Saved data entries:
lemma torus_mat_twist_defect:
  fixes w e :: "'a::field" and l a b :: "'a ext"
  defines "z \<equiv> torus_mat w (eadd l (emul e (econj l) a)) (emul e (econj l) b)"
  shows "msub z (mmul e (mconj z) (torus_mat w a b))
           = mmul e (torus_mat w l ezero)
               (msub mI (mmul e (mconj (torus_mat w a b)) (torus_mat w a b)))"
  by (simp add: z_def torus_mat_def mI_def msub_def escale_def ext_defs prod_eq_iff algebra_simps)

definition OE_unit :: "('a::field \<Rightarrow> int) \<Rightarrow> 'a \<Rightarrow> 'a ext \<Rightarrow> bool" where
  "OE_unit nu e x \<longleftrightarrow> x \<in> pE nu 0 \<and> val_unit nu (enorm e x)"

definition mat_pE :: "('a::field \<Rightarrow> int) \<Rightarrow> int \<Rightarrow> 'a m2 \<Rightarrow> bool" where
  "mat_pE nu n M \<longleftrightarrow> entries_in (pE nu n) (pE nu n) M"

lemma mat_pE_M2 [simp]:
  "mat_pE nu n (M2 a b c d) \<longleftrightarrow> a \<in> pE nu n \<and> b \<in> pE nu n \<and> c \<in> pE nu n \<and> d \<in> pE nu n"
  by (auto simp: mat_pE_def entries_in_def)

locale unramified_quadratic = discretely_valued nu for nu :: "'a::field \<Rightarrow> int" +
  fixes e :: 'a
  assumes eps_unit: "val_unit nu e"
    and two_unit: "val_unit nu 2"
begin

lemma pE_iff: "x \<in> pE nu n \<longleftrightarrow> vge nu (fst x) n \<and> vge nu (snd x) n"
  by (simp add: pE_def)

lemma pE_mono: "x \<in> pE nu n \<Longrightarrow> m \<le> n \<Longrightarrow> x \<in> pE nu m"
  by (auto simp: pE_iff intro: vge_mono)

lemma pE_eadd: "x \<in> pE nu n \<Longrightarrow> y \<in> pE nu n \<Longrightarrow> eadd x y \<in> pE nu n"
  by (simp add: pE_iff eadd_def vge_add)

lemma pE_eneg_iff [simp]: "eneg x \<in> pE nu n \<longleftrightarrow> x \<in> pE nu n"
  by (simp add: pE_iff eneg_def)

lemma pE_econj_iff [simp]: "econj x \<in> pE nu n \<longleftrightarrow> x \<in> pE nu n"
  by (simp add: pE_iff econj_def)

lemma pE_ezero [simp]: "ezero \<in> pE nu n"
  by (simp add: pE_iff ezero_def)

lemma pE_eone [simp]: "eone \<in> pE nu 0"
  by (simp add: pE_iff eone_def)

lemma pE_emul:
  assumes "x \<in> pE nu m" "y \<in> pE nu n"
  shows "emul e x y \<in> pE nu (m + n)"
proof -
  have "vge nu (fst x * fst y) (m + n)" "vge nu (snd x * snd y) (m + n)"
    "vge nu (fst x * snd y) (m + n)" "vge nu (snd x * fst y) (m + n)"
    using assms by (auto simp: pE_iff intro!: vge_mult)
  then show ?thesis
    using vge_mult_integral_left[OF val_unit_vge[OF eps_unit]]
    by (simp add: pE_iff emul_def vge_add mult.assoc)
qed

__ASSIGNMENT__
From the records above, copy out the line with "by (auto simp: mat_pE_def entries_in_def)", the line with "e x y \<in>", and every line between them, word for word.

__TASK RESPONSE__
  by (auto simp: mat_pE_def entries_in_def)

locale unramified_quadratic = discretely_valued nu for nu :: "'a::field \<Rightarrow> int" +
  fixes e :: 'a
  assumes eps_unit: "val_unit nu e"
    and two_unit: "val_unit nu 2"
begin

lemma pE_iff: "x \<in> pE nu n \<longleftrightarrow> vge nu (fst x) n \<and> vge nu (snd x) n"
  by (simp add: pE_def)

lemma pE_mono: "x \<in> pE nu n \<Longrightarrow> m \<le> n \<Longrightarrow> x \<in> pE nu m"
  by (auto simp: pE_iff intro: vge_mono)

lemma pE_eadd: "x \<in> pE nu n \<Longrightarrow> y \<in> pE nu n \<Longrightarrow> eadd x y \<in> pE nu n"
  by (simp add: pE_iff eadd_def vge_add)

lemma pE_eneg_iff [simp]: "eneg x \<in> pE nu n \<longleftrightarrow> x \<in> pE nu n"
  by (simp add: pE_iff eneg_def)

lemma pE_econj_iff [simp]: "econj x \<in> pE nu n \<longleftrightarrow> x \<in> pE nu n"
  by (simp add: pE_iff econj_def)

lemma pE_ezero [simp]: "ezero \<in> pE nu n"
  by (simp add: pE_iff ezero_def)

lemma pE_eone [simp]: "eone \<in> pE nu 0"
  by (simp add: pE_iff eone_def)

lemma pE_emul:
  assumes "x \<in> pE nu m" "y \<in> pE nu n"
  shows "emul e x y \<in> pE nu (m + n)"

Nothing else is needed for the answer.